Glowing forsythia are around every corner announcing that at last, spring has come. In addition, the faithful red-breasted robins are singing their hearts out and flitting about the grasses and budding tree branches. One particular little bird runs back and forth on spindly legs. I have no idea what kind of bird this is but they are fun to watch. They charge into the tall grasses when we drive up. They have long discussions with the geese who are trying to nest in the yard. I love to watch the trees break out in buds and listen to the birds, but the car alarm of our neighbor keeps going off. It is so loud that it puts a damper on the immense enjoyment of nature bursting forth from the mountain. I can’t quite figure out why they can’t keep it shut off. I am not even sure which neighbor is having the problem! This goes on for a few days – nearly driving me crazy! – until I realize that it is all of the spring birds making such a cacophony with all of the trilling, chirruping, and squawking!

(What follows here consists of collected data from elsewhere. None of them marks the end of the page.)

theorem desnanot_jacobi:
  fixes A :: "'a :: idom mat"
  assumes A: "A \<in> carrier_mat (Suc (Suc k)) (Suc (Suc k))" and det_A: "det A \<noteq> 0"
  shows "det (mat_delete A 0 0) * det (mat_delete A (Suc k) (Suc k))
       - det (mat_delete A 0 (Suc k)) * det (mat_delete A (Suc k) 0)
       = det A * det (mat_delete (mat_delete A 0 0) k k)"
proof -
  let ?n = "Suc (Suc k)" and ?L = "Suc k"
  define M where "M = mat ?n ?n (\<lambda>(i, j).
    if j = 0 then cofactor A 0 i else if j = ?L then cofactor A ?L i else of_bool (i = j))"
  define B where "B = mat ?n ?n (\<lambda>(i, j).
    if j = 0 then of_bool (i = 0) * det A else if j = ?L then of_bool (i = ?L) * det A else A $$ (i, j))"
  have M: "M \<in> carrier_mat ?n ?n" by (simp add: M_def)
  have col_M: "col M j = (if j = 0 \<or> j = ?L then col (adj_mat A) j else col (1\<^sub>m ?n) j)"
    if "j < ?n" for j
    using A that by (intro eq_vecI) (auto simp: M_def adj_mat_def)
  have "A * M = B"
  proof (rule eq_matI)
    fix i j assume "i < dim_row B" "j < dim_col B"
    then have ij: "i < ?n" "j < ?n" by (auto simp: B_def)
    have "(A * M) $$ (i, j) = row A i \<bullet> col M j" using A M ij by simp
    also have "\<dots> = (if j = 0 \<or> j = ?L then (A * adj_mat A) $$ (i, j) else (A * 1\<^sub>m ?n) $$ (i, j))"
      using A ij adj_mat(1)[OF A] by (simp add: col_M)
    also have "\<dots> = B $$ (i, j)"
      using A ij by (auto simp: adj_mat(2)[OF A] B_def)
    finally show "(A * M) $$ (i, j) = B $$ (i, j)" .
  qed (use A in \<open>auto simp: B_def M_def\<close>)
  then have "det A * det M = det B" by (metis det_mult[OF A M])
  also have "\<dots> = det A * det A * det (mat_delete (mat_delete A 0 0) k k)"
    unfolding B_def by (rule det_scaled_unit_first_last_columns[OF A])
  finally have "det M = det A * det (mat_delete (mat_delete A 0 0) k k)"
    using det_A by (simp add: mult.assoc)
  moreover have "det M = cofactor A 0 0 * cofactor A ?L ?L - cofactor A ?L 0 * cofactor A 0 ?L"
    unfolding M_def by (rule det_identity_but_first_last_columns)
  ultimately show ?thesis by (simp add: cofactor_def mult_ac flip: power_add)
qed

lemma det_gram_mat_nonzero:
  fixes b :: "nat \<Rightarrow> nat \<Rightarrow> 'a :: linordered_field" and p :: "nat \<Rightarrow> nat"
  assumes pivot_bound: "\<And>i. i < n \<Longrightarrow> p i < N"
    and pivot_nonzero: "\<And>i. i < n \<Longrightarrow> b i (p i) \<noteq> 0"
    and pivot_echelon: "\<And>i j. i < j \<Longrightarrow> j < n \<Longrightarrow> b i (p j) = 0"
  shows "det (mat n n (\<lambda>(i, j). \<Sum>h<N. b i h * b j h)) \<noteq> 0"
proof
  define G where "G = mat n n (\<lambda>(i, j). \<Sum>h<N. b i h * b j h)"
  assume "det (mat n n (\<lambda>(i, j). \<Sum>h<N. b i h * b j h)) = 0"
  then obtain v where v: "v \<in> carrier_vec n" "v \<noteq> 0\<^sub>v n" "G *\<^sub>v v = 0\<^sub>v n"
    using det_0_iff_vec_prod_zero_field[of G n] by (auto simp: G_def)
  define w where "w h = (\<Sum>i<n. b i h * v $ i)" for h
  have "(\<Sum>h<N. w h * w h) = (\<Sum>i<n. v $ i * (\<Sum>j<n. G $$ (i, j) * v $ j))"
    by (simp add: w_def G_def sum_product sum_distrib_left sum_distrib_right mult_ac
        sum.swap[where A = "{..<N}"])
  also have "\<dots> = (\<Sum>i<n. v $ i * (G *\<^sub>v v) $ i)"
    using v(1) by (simp add: G_def scalar_prod_def atLeast0LessThan)
  also have "\<dots> = 0" using v(3) by simp
  finally have "(\<Sum>h<N. w h * w h) = 0" .
  then have w_zero: "w h = 0" if "h < N" for h
    using that by (subst (asm) sum_nonneg_eq_0_iff) auto
  define S where "S = {j. j < n \<and> v $ j \<noteq> 0}"
  have "S \<noteq> {}"
  proof
    assume "S = {}"
    then have "v = 0\<^sub>v n" using v(1) by (intro eq_vecI) (auto simp: S_def)
    then show False using v(2) by simp
  qed
  define J where "J = Max S"
  have "finite S" by (simp add: S_def)
  then have J: "J < n" "v $ J \<noteq> 0"
    using \<open>S \<noteq> {}\<close> Max_in[of S] by (auto simp: J_def S_def)
  have J_max: "v $ j = 0" if "j < n" "J < j" for j
  proof (rule ccontr)
    assume "v $ j \<noteq> 0"
    then have "j \<le> J" unfolding J_def using \<open>finite S\<close> that by (simp add: S_def)
    then show False using that by simp
  qed
  \<comment> \<open>in \<open>w (p J)\<close> the terms \<open>i < J\<close> vanish by the echelon shape, those \<open>i > J\<close> by maximality of \<open>J\<close>\<close>
  have "w (p J) = b J (p J) * v $ J"
    unfolding w_def
    by (rule sum_eq_single) (use J J_max pivot_echelon in \<open>auto simp: nat_neq_iff\<close>)
  then show False using w_zero[OF pivot_bound[OF J(1)]] pivot_nonzero[OF J(1)] J(2) by simp
qed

With the warmer weather, pink cherry blossoms grace the arched branches of their trunk and line the path to the schools. The sun shines hope on us all. One fine day I walked to the end of the drive to wait for the school bus, when our neighbor from up the mountain stopped and I asked him about the little spindly-legged bird running hither thither. I can’t remember their names but I remember him saying that they scratched around in gravel and pebbles making nests. I study the edges of the drive looking for nests. I don’t find one, but I do hear an awful racket night and day that could be interpreted as chirruping and singing. Those tiny birds sure are loud!
The warmer it gets, the louder the racket gets. As I drive in and out I slide down my window to listen. I notice that they are louder down at the edges of the drive where the water runs down the mountain. I make the astute observation that they must be water birds. My husband and I discuss the birds in detail because they sing and chirrup all night long – right outside of our window. We both take note that the loud bird noises can be heard in other swampy areas.
After church one Wednesday night, as we talk in the parking lot with our friends, I hear the birds carrying on. They are cranked up and we can barely hear each other to talk. Finally, I ask my friend, “What kind of birds are those making all of that racket?”
He quits talking, cups his ear, and says, “I don’t hear any birds.”
I am thinking that he must be totally deaf as they are practically drowning out everything else. I say, “Listen. Do you hear that noise right across the highway?”
He turns his head and listens. “I still don’t hear any birds.”
Astonished, I say, “You can’t hear all of that noise?”
He grins and looks at me and begins to laugh. It dawns on him that I might have never heard that particular water bird sing as I hail from West Texas where the dust is thick and there are not many water birds to serenade one to sleep at night.
He laughs harder and says, “Those. Are. Frogs!”
“Frogs!” I scream. “Are you sure?”
He smiled benevolently at me but didn’t get really tickled until I told him that at first I thought it was the neighbor’s car alarm going off.
Isn’t it nice when foreigners move in and make us smile?